What you achieve in life is a direct payback of what you give. Projecting positivity to others is like a boomerang that will always return to its master sooner or later. Make it known that you are an encourager who provides a shot of confidence to anyone who needs it. Consider it a blessing to be gifted with the ability to share a positive outlook that helps others grow stronger.
“We can’t help everyone, but everyone can help someone.” – Ronald Reagan
Do not bury your head in the sand. Extend help to all loved ones you see in conflict. Offer assistance to change their disagreements for the better. Act as a mediator to alter the mind-set of parties bogged down by disagreement. Remind others how they used to love each other. Show them how to reduce anger and open their hearts to constructive resolutions. Look for little ways to lend a helping hand. Instead of telling others how it should be, ask what role you could play in supporting others who are in crisis. Perhaps you could run a few errands, cook a meal, do a little research, or simply lend an ear.
“We can complain because rose bushes have thorns, or rejoice because thorn bushes have roses.” – Abraham Lincoln
We have a moral obligation to do our best in equipping our children with the positive outlook necessary to succeed in life. Children, in particular, can fall prey to negative attitudes. They are just learning to cultivate their talents and do not yet fully appreciate the concept of delayed gratification. We can encourage our children to develop a positive attitude, often, just by spending quality time with them. Let the feeling of a truly wonderful day surrounded by loving family members envelope your children. At the end of the day, talk about some of the moments you most enjoyed together. Help your child become more self-aware by inviting them to discuss their feelings, sensations, and body processes. Nurture a culture of gratitude.

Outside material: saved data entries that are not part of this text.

(* Let $\mathcal{O}_d$ be the space of entire functions $f$ such that $|f(x)e^{mx}|\to0$ as $x\to-\infty$ for some $m<1$, and for such $f$ define \[ (\mathfrak{N}f)(x)=\frac{e^{-i\pi x}}{2i\sin(\pi x)\,\Gamma(-x)}\int_{-\infty}^{(0+)}f(s)\,e^{s}(-s)^{-x-1}\,ds . \] Then $\mathfrak{N}$ is $\mathbb{C}$-linear and, for every $f\in\mathcal{O}_d$, \[ \mathfrak{N}(f')(x)=(\mathfrak{N}f)(x+1)-(\mathfrak{N}f)(x),\qquad \mathfrak{N}(sf)(x)=x\,(\mathfrak{N}f)(x-1), \] i.e. $\mathfrak{N}$ is left linear over the Weyl algebra $\mathbb{C}\langle X,\partial\rangle$ when the source carries the action $\partial f=f'$, $Xf(x)=xf(x)$ and the target carries the action $\partial g(x)=g(x+1)-g(x)$, $Xg(x)=xg(x-1)$.
   Context: The integral $\int_{-\infty}^{(0+)}$ is over a Hankel contour starting at $-\infty$ below the negative real axis, circling the origin counterclockwise, and returning to $-\infty$ above the negative real axis, with the branch of $(-s)^{-x-1}$ determined by $|\arg(-s)|<\pi$ (principal branch) on the contour. *)

theory Defs
  imports "HOL-Complex_Analysis.Complex_Analysis"
begin

definition O_d :: "(complex \<Rightarrow> complex) set" where
  "O_d = {f. f holomorphic_on UNIV \<and>
         (\<exists>m::real. m < 1 \<and>
            ((\<lambda>x::real. norm (f (of_real x) * exp (of_real (m * x)))) \<longlongrightarrow> 0) at_bot)}"

text \<open>Hankel contour integral of g(s) (-s)^a over the contour: from -infinity to -1
  below the negative real axis, the unit circle counterclockwise from arg s = -pi to
  arg s = pi, and back from -1 to -infinity above the negative real axis.
  The branch of (-s)^a is the principal one at the start of the contour (arg(-s) = 0 on
  the lower ray) continued continuously along the contour: on the circle
  (-s)^a = exp(i pi a) s^a (principal s^a), on the upper ray (-s)^a = exp(2 pi i a) |s|^a.\<close>
definition hankel_integral :: "(complex \<Rightarrow> complex) \<Rightarrow> complex \<Rightarrow> complex" where
  "hankel_integral g a =
     Lim at_top (\<lambda>R::real. contour_integral (linepath (- of_real R) (-1))
                               (\<lambda>s. g s * (-s) powr a))
   + contour_integral (part_circlepath 0 1 (-pi) pi)
                               (\<lambda>s. g s * (exp (\<i> * of_real pi * a) * s powr a))
   + Lim at_top (\<lambda>R::real. contour_integral (linepath (-1) (- of_real R))
                               (\<lambda>s. g s * (exp (2 * \<i> * of_real pi * a) * (-s) powr a)))"

definition frakN :: "(complex \<Rightarrow> complex) \<Rightarrow> complex \<Rightarrow> complex" where
  "frakN f x = exp (- \<i> * of_real pi * x) / (2 * \<i> * sin (of_real pi * x) * Gamma (- x))
               * hankel_integral (\<lambda>s. f s * exp s) (- x - 1)"

end

theory Submission
  imports Defs "HOL-Real_Asymp.Real_Asymp"
begin
lemma first_occurrence_if_pair_unseen:
  assumes q: "q < length S" and Sq: "S ! q = (m, nlab m, j)" and unseen: "pair_unseen m j"
    and "i < q"
  shows "snd (S ! i) \<noteq> snd (S ! q)"
proof
  assume same: "snd (S ! i) = snd (S ! q)"
  have i: "i < length S" using \<open>i < q\<close> q by simp
  obtain m' j' where Si: "S ! i = (m', nlab m', j')" by (rule subedge_nth[OF i])
  have "m' \<le> m"
    using sorted_nth_mono[OF sorted_subedge_edges, of i q] \<open>i < q\<close> q Si Sq by simp
  moreover have "m' \<noteq> m"
    using same Si Sq nth_eq_iff_index_eq[OF distinct_subedges i q] \<open>i < q\<close> by auto
  moreover have "m' < 2 * L" "j \<in> set (pt m')"
    using subedge_nth[OF i] same Si Sq by auto
  ultimately show False using unseen same Si Sq by (auto simp: pair_unseen_def)
qed

lemma not_t3_if_first_occurrence:
  assumes "\<forall>i<q. snd (S ! i) \<noteq> snd (S ! q)"
  shows "\<not> t3 q"
proof -
  have "snd x \<noteq> snd (S ! q)" if x: "x \<in> set (take q S)" for x
  proof -
    obtain i where "i < q" "S ! i = x"
      using x by (auto simp: in_set_conv_nth)
    then show ?thesis using assms by auto
  qed
  then have "filter (\<lambda>x. snd x = snd (S ! q)) (take q S) = []"
    by (simp add: filter_empty_conv)
  then show ?thesis unfolding is_t3_def Let_def by simp
qed

definition "t1_positions = {q. q < length S \<and> t1 (S ! q)}"
definition "t3_positions = {q. q < length S \<and> t3 q}"
definition "t4_positions = {q. q < length S \<and> \<not> t1 (S ! q) \<and> \<not> t3 q}"

lemma first_occurrence_if_t1:
  assumes "q \<in> t1_positions"
  shows "\<forall>i<q. snd (S ! i) \<noteq> snd (S ! q)"
proof -
  have q: "q < length S" and "t1 (S ! q)" using assms by (auto simp: t1_positions_def)
  obtain m j where Sq: "S ! q = (m, nlab m, j)" and "m < 2 * L" by (rule subedge_nth[OF q])
  then have "pair_unseen m j" using \<open>t1 (S ! q)\<close> by (simp add: pair_unseen_if_t1)
  then show ?thesis using first_occurrence_if_pair_unseen[OF q Sq] by blast
qed

lemma card_t1_positions_le_t3: "card t1_positions \<le> card t3_positions"
proof -
  let ?second = "{q'. q' < length S \<and>
    (\<exists>q\<in>t1_positions. filter (\<lambda>x. snd x = snd (S ! q')) (take q' S) = [S ! q])}"
  have "card t1_positions \<le> card ?second"
    using even_count_pairs first_occurrence_if_t1
    by (intro card_first_occurrences_le) (auto simp: t1_positions_def)
  also have "?second \<subseteq> t3_positions"
    by (auto simp: t1_positions_def t3_positions_def is_t3_def Let_def)
  then have "card ?second \<le> card t3_positions"
    by (intro card_mono) (simp_all add: t3_positions_def)
  finally show ?thesis .
qed
(* Let $(\mathbf{k},\phi)$ be a difference field of characteristic zero such that $\mathbf{k}$ is a real field and its field of constants $C:=\mathbf{k}^{\phi}$ is real closed. Let $A\in \mathrm{GL}_n(\mathbf{k})$ and let $(R,\phi)$ be a Picard-Vessiot extension for $\phi Y=AY$ over $(\mathbf{k},\phi)$. Assume that $R\neq R[i]$, i.e. there is no $x\in R$ with $x^2+1=0$. Then $(R[i],\phi)$ is a Picard-Vessiot extension for $\phi Y=AY$ over $(\mathbf{k}[i],\phi)$.
   Context: A difference ring $(R,\phi)$ is a ring $R$ with a ring automorphism $\phi$; a difference ideal is an ideal stable under $\phi$; $(R,\phi)$ is simple if its only difference ideals are $(0)$ and $R$. A difference ring extension of $(\mathbf{k},\phi)$ is a ring extension with an automorphism restricting to $\phi$ on $\mathbf{k}$. A field is real if $0$ is not a sum of squares of nonzero elements; it is real closed if it has no proper real algebraic extension. A Picard-Vessiot extension for $\phi Y=AY$ over $(\mathbf{k},\phi)$ is a difference ring extension $(R,\phi)$ of $(\mathbf{k},\phi)$ such that (1) there exists $U\in\mathrm{GL}_n(R)$ with $\phi(U)=AU$; (2) $R$ is generated as a $\mathbf{k}$-algebra by the entries of $U$ and $\det(U)^{-1}$; (3) $(R,\phi)$ is a simple difference ring. For a difference ring $R$ with no element $x$ satisfying $x^2+1=0$, $R[i]:=R[X]/(X^2+1)$, with $\phi$ extended by $\phi(i)=i$; if $R$ contains such an $x$, the convention is $R[i]=R$. In particular $\mathbf{k}[i]$ is defined this way. *)

theory Defs
  imports "Jordan_Normal_Form.Determinant" "HOL-Algebra.Ring"
begin

definition ring_automorphism :: "('a::comm_ring_1 \<Rightarrow> 'a) \<Rightarrow> bool" where
  "ring_automorphism f \<longleftrightarrow> bij f \<and> f 1 = 1 \<and>
     (\<forall>x y. f (x + y) = f x + f y) \<and> (\<forall>x y. f (x * y) = f x * f y)"

definition ring_embedding :: "('a::comm_ring_1 \<Rightarrow> 'b::comm_ring_1) \<Rightarrow> bool" where
  "ring_embedding f \<longleftrightarrow> inj f \<and> f 1 = 1 \<and>
     (\<forall>x y. f (x + y) = f x + f y) \<and> (\<forall>x y. f (x * y) = f x * f y)"

definition is_ideal :: "'a::comm_ring_1 set \<Rightarrow> bool" where
  "is_ideal I \<longleftrightarrow> 0 \<in> I \<and> (\<forall>x\<in>I. \<forall>y\<in>I. x + y \<in> I) \<and> (\<forall>r. \<forall>x\<in>I. r * x \<in> I)"

definition difference_ideal :: "('a::comm_ring_1 \<Rightarrow> 'a) \<Rightarrow> 'a set \<Rightarrow> bool" where
  "difference_ideal \<sigma> I \<longleftrightarrow> is_ideal I \<and> \<sigma> ` I \<subseteq> I"

definition simple_difference_ring :: "('a::comm_ring_1 \<Rightarrow> 'a) \<Rightarrow> bool" where
  "simple_difference_ring \<sigma> \<longleftrightarrow> (\<forall>I. difference_ideal \<sigma> I \<longrightarrow> I = {0} \<or> I = UNIV)"

definition difference_ring_ext ::
  "('b::comm_ring_1 \<Rightarrow> 'b) \<Rightarrow> ('r::comm_ring_1 \<Rightarrow> 'r) \<Rightarrow> ('b \<Rightarrow> 'r) \<Rightarrow> bool" where
  "difference_ring_ext \<phi> \<sigma> \<iota> \<longleftrightarrow> ring_automorphism \<phi> \<and> ring_automorphism \<sigma> \<and>
     ring_embedding \<iota> \<and> (\<forall>x. \<sigma> (\<iota> x) = \<iota> (\<phi> x))"

definition is_subring :: "'a::comm_ring_1 set \<Rightarrow> bool" where
  "is_subring T \<longleftrightarrow> 0 \<in> T \<and> 1 \<in> T \<and> (\<forall>x\<in>T. - x \<in> T) \<and>
     (\<forall>x\<in>T. \<forall>y\<in>T. x + y \<in> T) \<and> (\<forall>x\<in>T. \<forall>y\<in>T. x * y \<in> T)"

definition subring_gen :: "'a::comm_ring_1 set \<Rightarrow> 'a set" where
  "subring_gen S = \<Inter>{T. is_subring T \<and> S \<subseteq> T}"

definition GL_mat :: "nat \<Rightarrow> 'a::comm_ring_1 mat \<Rightarrow> bool" where
  "GL_mat n M \<longleftrightarrow> M \<in> carrier_mat n n \<and> (\<exists>d. d * det M = 1)"

text \<open>The \<open>k\<close>-algebra generated by a set \<open>S\<close> is the subring generated by \<open>\<iota>(k) \<union> S\<close>.\<close>
definition picard_vessiot ::
  "('b::comm_ring_1 \<Rightarrow> 'b) \<Rightarrow> ('r::comm_ring_1 \<Rightarrow> 'r) \<Rightarrow> ('b \<Rightarrow> 'r) \<Rightarrow> nat \<Rightarrow> 'b mat \<Rightarrow> bool" where
  "picard_vessiot \<phi> \<sigma> \<iota> n A \<longleftrightarrow> difference_ring_ext \<phi> \<sigma> \<iota> \<and> A \<in> carrier_mat n n \<and>
     (\<exists>U d. GL_mat n U \<and> map_mat \<sigma> U = map_mat \<iota> A * U \<and> d * det U = 1 \<and>
        subring_gen (range \<iota> \<union> {U $$ (i, j) | i j. i < n \<and> j < n} \<union> {d}) = UNIV) \<and>
     simple_difference_ring \<sigma>"

definition is_real :: "'a::comm_ring_1 set \<Rightarrow> bool" where
  "is_real S \<longleftrightarrow> (\<forall>xs. xs \<noteq> [] \<and> set xs \<subseteq> S - {0} \<longrightarrow> sum_list (map (\<lambda>x. x * x) xs) \<noteq> 0)"

definition real_ring_alg :: "('a, 'm) ring_scheme \<Rightarrow> bool" where
  "real_ring_alg L \<longleftrightarrow> (\<forall>xs. xs \<noteq> [] \<and> set xs \<subseteq> carrier L - {\<zero>\<^bsub>L\<^esub>} \<longrightarrow>
      (\<Oplus>\<^bsub>L\<^esub> i\<in>{..<length xs}. xs ! i \<otimes>\<^bsub>L\<^esub> xs ! i) \<noteq> \<zero>\<^bsub>L\<^esub>)"

text \<open>Extensions are field structures \<open>L\<close> together with an injective ring
  homomorphism \<open>h : C \<rightarrow> L\<close>; every algebraic extension of \<open>C\<close> is isomorphic to one whose
  carrier lies in the type \<open>'k list \<times> nat\<close> (cardinality bound), so quantifying over
  such \<open>L\<close> covers all algebraic extensions up to isomorphism.\<close>
definition real_closed :: "'k::field set \<Rightarrow> bool" where
  "real_closed C \<longleftrightarrow> is_real C \<and>
     (\<forall>(L :: ('k list \<times> nat) ring) h.
        field L \<and> h ` C \<subseteq> carrier L \<and> inj_on h C \<and> h 1 = \<one>\<^bsub>L\<^esub> \<and>
        (\<forall>x\<in>C. \<forall>y\<in>C. h (x + y) = h x \<oplus>\<^bsub>L\<^esub> h y \<and> h (x * y) = h x \<otimes>\<^bsub>L\<^esub> h y) \<and>
        (\<forall>z\<in>carrier L. \<exists>cs. set cs \<subseteq> C \<and> (\<exists>c\<in>set cs. c \<noteq> 0) \<and>
            (\<Oplus>\<^bsub>L\<^esub> i\<in>{..<length cs}. h (cs ! i) \<otimes>\<^bsub>L\<^esub> z [^]\<^bsub>L\<^esub> i) = \<zero>\<^bsub>L\<^esub>) \<and>
        real_ring_alg L
        \<longrightarrow> h ` C = carrier L)"

section \<open>Adjoining i: \<open>R[i] = R[X]/(X^2+1)\<close>, represented by pairs \<open>a + b i\<close>\<close>

datatype 'a gi = GI (re: 'a) (im: 'a)

instantiation gi :: (comm_ring_1) comm_ring_1
begin
definition "0 = GI 0 0"
definition "1 = GI 1 0"
definition "x + y = GI (re x + re y) (im x + im y)"
definition "x - y = GI (re x - re y) (im x - im y)"
definition "- x = GI (- re x) (- im x)"
definition "x * y = GI (re x * re y - im x * im y) (re x * im y + im x * re y)"
instance
  by standard (auto simp: zero_gi_def one_gi_def plus_gi_def minus_gi_def uminus_gi_def
      times_gi_def algebra_simps intro: gi.expand)
end

definition gi_map :: "('a \<Rightarrow> 'b) \<Rightarrow> 'a gi \<Rightarrow> 'b gi" where
  "gi_map f z = GI (f (re z)) (f (im z))"

definition gi_of :: "'a::comm_ring_1 \<Rightarrow> 'a gi" where
  "gi_of a = GI a 0"

end

theory Submission
  imports Defs
begin

text \<open>Adjoining \<open>i\<close> commutes with every step of the definition. The fundamental matrix \<open>U\<close>
  and \<open>det U\<inverse>\<close> still work over \<open>R[i]\<close>, and they generate \<open>R[i]\<close> over \<open>k[i]\<close> because \<open>i\<close> comes
  from \<open>k[i]\<close>. For simplicity, a difference ideal \<open>I\<close> of \<open>R[i]\<close> yields two difference ideals of
  \<open>R\<close>: its set of real parts and \<open>I \<inter> R\<close>. If the real parts vanish, then so do the imaginary
  ones (multiply by \<open>i\<close>) and \<open>I = 0\<close>. Otherwise \<open>1 + b i \<in> I\<close> for some \<open>b\<close>, so its norm
  \<open>1 + b\<^sup>2\<close> lies in \<open>I \<inter> R\<close>; it is nonzero as \<open>R\<close> has no square root of \<open>-1\<close>, hence
  \<open>I \<inter> R = R\<close> and \<open>I = R[i]\<close>.\<close>

lemma gi_simps:
  "GI a b + GI c d = GI (a + c) (b + d)"
  "GI a b * GI c d = GI (a * c - b * d) (a * d + b * c)"
  "(0::'a gi) = GI 0 0"
  "(1::'a gi) = GI 1 0"
  for a b c d :: "'a::comm_ring_1"
  by (simp_all add: plus_gi_def times_gi_def zero_gi_def one_gi_def)

lemma gi_decompose: "z = gi_of (re z) + gi_of (im z) * GI 0 1"
  by (cases z) (simp add: gi_of_def gi_simps)

interpretation gi_of: comm_ring_hom "gi_of :: 'a::comm_ring_1 \<Rightarrow> 'a gi"
  by unfold_locales (auto simp: gi_of_def gi_simps)

lemma additive_map_zero:
  fixes f :: "'a::comm_ring_1 \<Rightarrow> 'b::comm_ring_1"
  assumes "\<forall>x y. f (x + y) = f x + f y"
  shows "f 0 = 0"
  using assms by (metis add_cancel_right_right add_0)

Gently prod your child to try again, break down complex tasks, or look at a problem from a different perspective. Model calm responses yourself. Good eye contact and a warm tone can go a long way. Choose your words carefully. Instead of saying “no” all the time, try to reframe your response in a positive manner or ask a thought-provoking query.
“I am too positive to be doubtful, too optimistic to be fearful, and too determined to be defeated.” -Unknown
Set an example of positivity and productivity in your workplace that motivates others to give their all and hit their targets. Smile, laugh, and joke more often. Take a deep breath and take a walk when the task gets stressful. Show gratitude by thanking others for their contributions. Find freedom from “The Overwhelm” by saying “no” to what you don’t want and “yes” to what you need. Make room in each day for yourself and for fun to have greater freedom over your time.
- What can I do to encourage people who doubt themselves?
- How can I reassure myself when I feel disappointed?
- How can I share my positive energy with others?